The solution present on reddit gets overwhelming relatively quickly. For example I have one environment while trying to back up 10 different sets of files. Each set is terabytes so I want to do each of them individually. In the Reddit example I would have to have a set of imported files for every data set I'm trying to backup. I may bill to cut down the number of files somewhat if I'm clever about constant substitution but still, it rapidly becomes easier to just have 10 full template files and and manually synchronize the common elements.

With the proposed change to merging, I would only have to have 11 configuration files, 10 of which are very small. Deleting all the unnecessary key-value pairs from the base template might be a way to shrink the complexity of having 10 templates as well.

With the shallow merging type concept of proposed, it would not just be more convenient, it would make the changes much clearer.

Your example include references omitting or propagating different sections could be useful but not as useful as the fine granularity changes are proposed.

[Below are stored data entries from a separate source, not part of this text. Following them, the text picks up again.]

lemma inner_map_main_fragment [simp]: "inner n (map_main_fragment f t) \<alpha> = inner n t \<alpha>"
  unfolding inner_def by auto

lemma inf_branch_map_main_fragment [simp]: "inf_branch (map_main_fragment f t) b = inf_branch t b"
  by (simp add: inf_branch_def)

lemma height_map_main_fragment [simp]: "height (map_main_fragment f t) = height t"
  by (simp add: height_def)

lemma inner_imp_in_frag: "inner n t \<alpha> \<Longrightarrow> in_frag n t \<alpha>"
  using rbc_butlast_le[of t \<alpha>] by (auto simp: inner_def in_frag_def valid_butlast)

lemma rbc_eq_if_sim:
  assumes "sim n t t'" "n > 0" "in_frag n t \<alpha>"
  shows "rbc t \<alpha> = rbc t' \<alpha>"
  using assms(3)
proof (induction \<alpha> rule: rev_induct)
  case (snoc i \<alpha>)
  then have inner: "inner n t \<alpha>"
    by (simp add: in_frag_def inner_def valid_append)
  then have "rl (sub t \<alpha>) = rl (sub t' \<alpha>)"
    using assms(1,2) by (simp add: sim_def)
  moreover have "rbc t \<alpha> = rbc t' \<alpha>"
    using snoc.IH inner_imp_in_frag[OF inner] .
  ultimately show ?case by (simp add: rbc_append)
qed simp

I haven't dug deep into it but it looks like I will still have to cut-and-paste different chunks for common sections in my current use cases.

There may be some other ways to slice this but right now I need to get the job done so I'm going to take the brute force and bloody ignorance approach and replicate configuration files.

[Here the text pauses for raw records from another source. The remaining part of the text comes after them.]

(* Assume $r_k\ge4/7$ for all $k\ge2$, $\kappa\ge\|f'\|_{C[-\beta,\beta]}$, $\|\phi^0\|_\infty\le\beta$, and $$\tau_1\le\min\Big\{\Big(\frac{4}{11\varsigma m(\kappa+4\varepsilon^2/h^2)\Gamma(2-\alpha)}\Big)^{1/\alpha},\Big(\frac{4}{11\kappa(1-\varsigma)m\Gamma(2-\alpha)}\Big)^{1/\alpha}\Big\}.$$ If moreover for all $n\ge1$ $$\tau_n\le\Big(\frac{4}{11(1-\varsigma)m(4\varepsilon^2/h^2+\kappa K_2)\Gamma(2-\alpha)}\Big)^{1/\alpha},$$ then the solution of the (balanced) $L2$-$1_\sigma$-sESAV scheme satisfies $\|\phi^n\|_\infty\le\beta$ for all $n\ge1$.
   Context: Setting: $\Omega=(0,L)^2$ with periodic boundary conditions; constants $m>0$, $\varepsilon>0$, $\alpha\in(0,1)$, and $\varsigma:=\alpha/2$. The nonlinearity $f=-F'$ is one of: (double-well) $F(\phi)=\frac14(1-\phi^2)^2$, $f(\phi)=\phi-\phi^3$, with $\beta=1$; or (Flory–Huggins) $F(\phi)=\frac{\theta}{2}[(1+\phi)\ln(1+\phi)+(1-\phi)\ln(1-\phi)]-\frac{\theta_c}{2}\phi^2$, $f(\phi)=\frac{\theta}{2}\ln\frac{1-\phi}{1+\phi}+\theta_c\phi$ on $(-1,1)$, with $\theta_c>\theta>0$ and $\beta\in(0,1)$ the positive root of $f$. In both cases $f(\pm\beta)=0$. Spatial discretization: $M\in\mathbb N$, $h=L/M$; $\mathbb V_h$ is the space of real grid functions $v=\{v_{ij}\}_{i,j\in\mathbb Z}$ that are $M$-periodic in each index; $\langle v,w\rangle=h^2\sum_{i,j=1}^Mv_{ij}w_{ij}$, $\|v\|_\infty=\max_{1\le i,j\le M}|v_{ij}|$; $\Delta_hv_{ij}=h^{-2}(v_{i+1,j}+v_{i-1,j}+v_{i,j+1}+v_{i,j-1}-4v_{ij})$. Scalar functions act on grid functions pointwise. $E_{1h}[v]=\langle F(v),1\rangle$ and $g_h(v,w)=\exp(w)/\exp(E_{1h}[v])$ for $v\in\mathbb V_h$ (with $\|v\|_\infty<1$ in the Flory–Huggins case) and $w\in\mathbb R$. Auxiliary functional: $V:\mathbb R\to\mathbb R$ satisfies (A1) $V\in C^1(\mathbb R)\cap W^{2,\infty}(\mathbb R)$, $V(1)=1$, $V'(1)=0$, $|V'|\le K_1$; (A2) $0\le V\le K_2$ for a constant $K_2>0$; (A3) $|z_1-1|\le|z_2-1|$ implies $|V(z_1)-1|\le|V(z_2)-1|$. Time grid: $0=t_0<t_1<\dots<t_N=T$, $\tau_k=t_k-t_{k-1}$, $r_k=\tau_k/\tau_{k-1}$ ($k\ge2$), $\nabla_\tau v^k=v^k-v^{k-1}$, $\mathbb D_\tau v^k=\nabla_\tau v^k/\tau_k$, $\omega_\mu(t)=t^{\mu-1}/\Gamma(\mu)$. Constant $\kappa\ge0$; data $\phi^0\in\mathbb V_h$, $R^0\in\mathbb R$. For $n\ge2$ the predicted solution is $\hat\phi^n=\min\{\max\{(1+r_n)\phi^{n-1}-r_n\phi^{n-2},-\beta\},\beta\}$ (pointwise). $L2$-$1_\sigma$ discretization: $t_{k-\varsigma}=(1-\varsigma)t_k+\varsigma t_{k-1}$, $t_{k-1/2}=(t_k+t_{k-1})/2$; $a^{(n)}_{n-k}=\frac1{\tau_k}\int_{t_{k-1}}^{\min\{t_k,t_{n-\varsigma}\}}\omega_{1-\alpha}(t_{n-\varsigma}-s)\,ds$ ($1\le k\le n$), $b^{(n)}_{n-k}=\frac{2}{\tau_k(\tau_k+\tau_{k+1})}\int_{t_{k-1}}^{t_k}(s-t_{k-1/2})\omega_{1-\alpha}(t_{n-\varsigma}-s)\,ds$ ($1\le k\le n-1$); $B^{(1)}_0=a^{(1)}_0$, and for $n\ge2$: $B^{(n)}_0=a^{(n)}_0+b^{(n)}_1/r_n$, $B^{(n)}_{n-k}=a^{(n)}_{n-k}+b^{(n)}_{n-k+1}/r_k-b^{(n)}_{n-k}$ for $2\le k\le n-1$, $B^{(n)}_{n-1}=a^{(n)}_{n-1}-b^{(n)}_{n-1}$; $\tilde{\mathbb D}^\alpha_\tau v^n=\sum_{k=1}^nB^{(n)}_{n-k}\nabla_\tau v^k$; $w^{k-\varsigma}=(1-\varsigma)w^k+\varsigma w^{k-1}$. Balanced $L2$-$1_\sigma$-sESAV scheme: $\hat\phi^1\in\mathbb V_h$ with $\|\hat\phi^1\|_\infty\le\beta$ solves $B^{(1)}_0(\hat\phi^1-\phi^0)=m(\varepsilon^2\Delta_h\hat\phi^{1-\varsigma}+f(\hat\phi^{1-\varsigma}))$; for $n\ge2$, $\hat\phi^n$ is the predicted solution above. For $n\ge1$ set $\hat\phi^{n-\varsigma}=(1-\varsigma)\hat\phi^n+\varsigma\phi^{n-1}$ and $V^{n-\varsigma}=V(g_h(\hat\phi^{n-\varsigma},R^{n-1}))$, and define $(\phi^n,R^n)$ by $\tilde{\mathbb D}^\alpha_\tau\phi^n=m(\varepsilon^2\Delta_h\phi^{n-\varsigma}+V^{n-\varsigma}f(\hat\phi^{n-\varsigma})-\kappa V^{n-\varsigma}(\phi^{n-\varsigma}-\hat\phi^{n-\varsigma}))$ and $\mathbb D_\tau R^n=V^{n-\varsigma}\langle-f(\hat\phi^{n-\varsigma})+\kappa(\phi^{n-\varsigma}-\hat\phi^{n-\varsigma}),\mathbb D_\tau\phi^n\rangle$. *)

theory Defs
  imports "HOL-Analysis.Analysis"
begin

type_synonym grid = "int \<Rightarrow> int \<Rightarrow> real"

definition gridspace :: "nat \<Rightarrow> grid set" where
  "gridspace M = {v. \<forall>i j. v (i + int M) j = v i j \<and> v i (j + int M) = v i j}"

definition gip :: "real \<Rightarrow> nat \<Rightarrow> grid \<Rightarrow> grid \<Rightarrow> real" where
  "gip h M v w = h^2 * (\<Sum>i\<in>{1..int M}. \<Sum>j\<in>{1..int M}. v i j * w i j)"

definition gsup :: "nat \<Rightarrow> grid \<Rightarrow> real" where
  "gsup M v = Max ((\<lambda>(i,j). \<bar>v i j\<bar>) ` ({1..int M} \<times> {1..int M}))"

definition glap :: "real \<Rightarrow> grid \<Rightarrow> grid" where
  "glap h v i j = (v (i+1) j + v (i-1) j + v i (j+1) + v i (j-1) - 4 * v i j) / h^2"

definition E1h :: "(real \<Rightarrow> real) \<Rightarrow> real \<Rightarrow> nat \<Rightarrow> grid \<Rightarrow> real" where
  "E1h F h M v = gip h M (\<lambda>i j. F (v i j)) (\<lambda>i j. 1)"

definition gh :: "(real \<Rightarrow> real) \<Rightarrow> real \<Rightarrow> nat \<Rightarrow> grid \<Rightarrow> real \<Rightarrow> real" where
  "gh F h M v w = exp w / exp (E1h F h M v)"

definition dwF :: "real \<Rightarrow> real" where "dwF x = (1 - x^2)^2 / 4"
definition dwf :: "real \<Rightarrow> real" where "dwf x = x - x^3"
definition fhF :: "real \<Rightarrow> real \<Rightarrow> real \<Rightarrow> real" where
  "fhF \<theta> \<theta>c x = \<theta>/2 * ((1+x) * ln (1+x) + (1-x) * ln (1-x)) - \<theta>c/2 * x^2"
definition fhf :: "real \<Rightarrow> real \<Rightarrow> real \<Rightarrow> real" where
  "fhf \<theta> \<theta>c x = \<theta>/2 * ln ((1-x)/(1+x)) + \<theta>c * x"

definition tau :: "(nat \<Rightarrow> real) \<Rightarrow> nat \<Rightarrow> real" where
  "tau t k = t k - t (k-1)"
definition rr :: "(nat \<Rightarrow> real) \<Rightarrow> nat \<Rightarrow> real" where
  "rr t k = tau t k / tau t (k-1)"
definition omega :: "real \<Rightarrow> real \<Rightarrow> real" where
  "omega \<mu> x = x powr (\<mu> - 1) / Gamma \<mu>"
(* t_{n-sigma} with sigma = alpha/2 *)
definition tsig :: "(nat \<Rightarrow> real) \<Rightarrow> real \<Rightarrow> nat \<Rightarrow> real" where
  "tsig t \<alpha> n = (1 - \<alpha>/2) * t n + (\<alpha>/2) * t (n-1)"

(* acoef t alpha n k = a^{(n)}_{n-k},  1 <= k <= n *)
definition acoef :: "(nat \<Rightarrow> real) \<Rightarrow> real \<Rightarrow> nat \<Rightarrow> nat \<Rightarrow> real" where
  "acoef t \<alpha> n k = (1 / tau t k) *
     integral {t (k-1) .. min (t k) (tsig t \<alpha> n)} (\<lambda>s. omega (1-\<alpha>) (tsig t \<alpha> n - s))"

How much of violation of your conceptual model would it be to add a key-value pair that specifies whether the next section is replaced or merged? Something like

location:  
  source_directories:
    - MERGE
    - /home 
    - /etc                                                                                                            
  repositories:
    - REPLACE
    - path: jdktn@deadbeaf.rsync.net:deadbeaf-home
      label: backupserver
      
consistency:
  REPLACE: true
  checks:
    - repository
    - archives
  check_last: 3                                                                               prefix: home   

The downside with this notation is that I don't believe YAML allows for a single key without value in the hierarchy. It would mean having to change notation for merge versus replace depending on where the keyword happens.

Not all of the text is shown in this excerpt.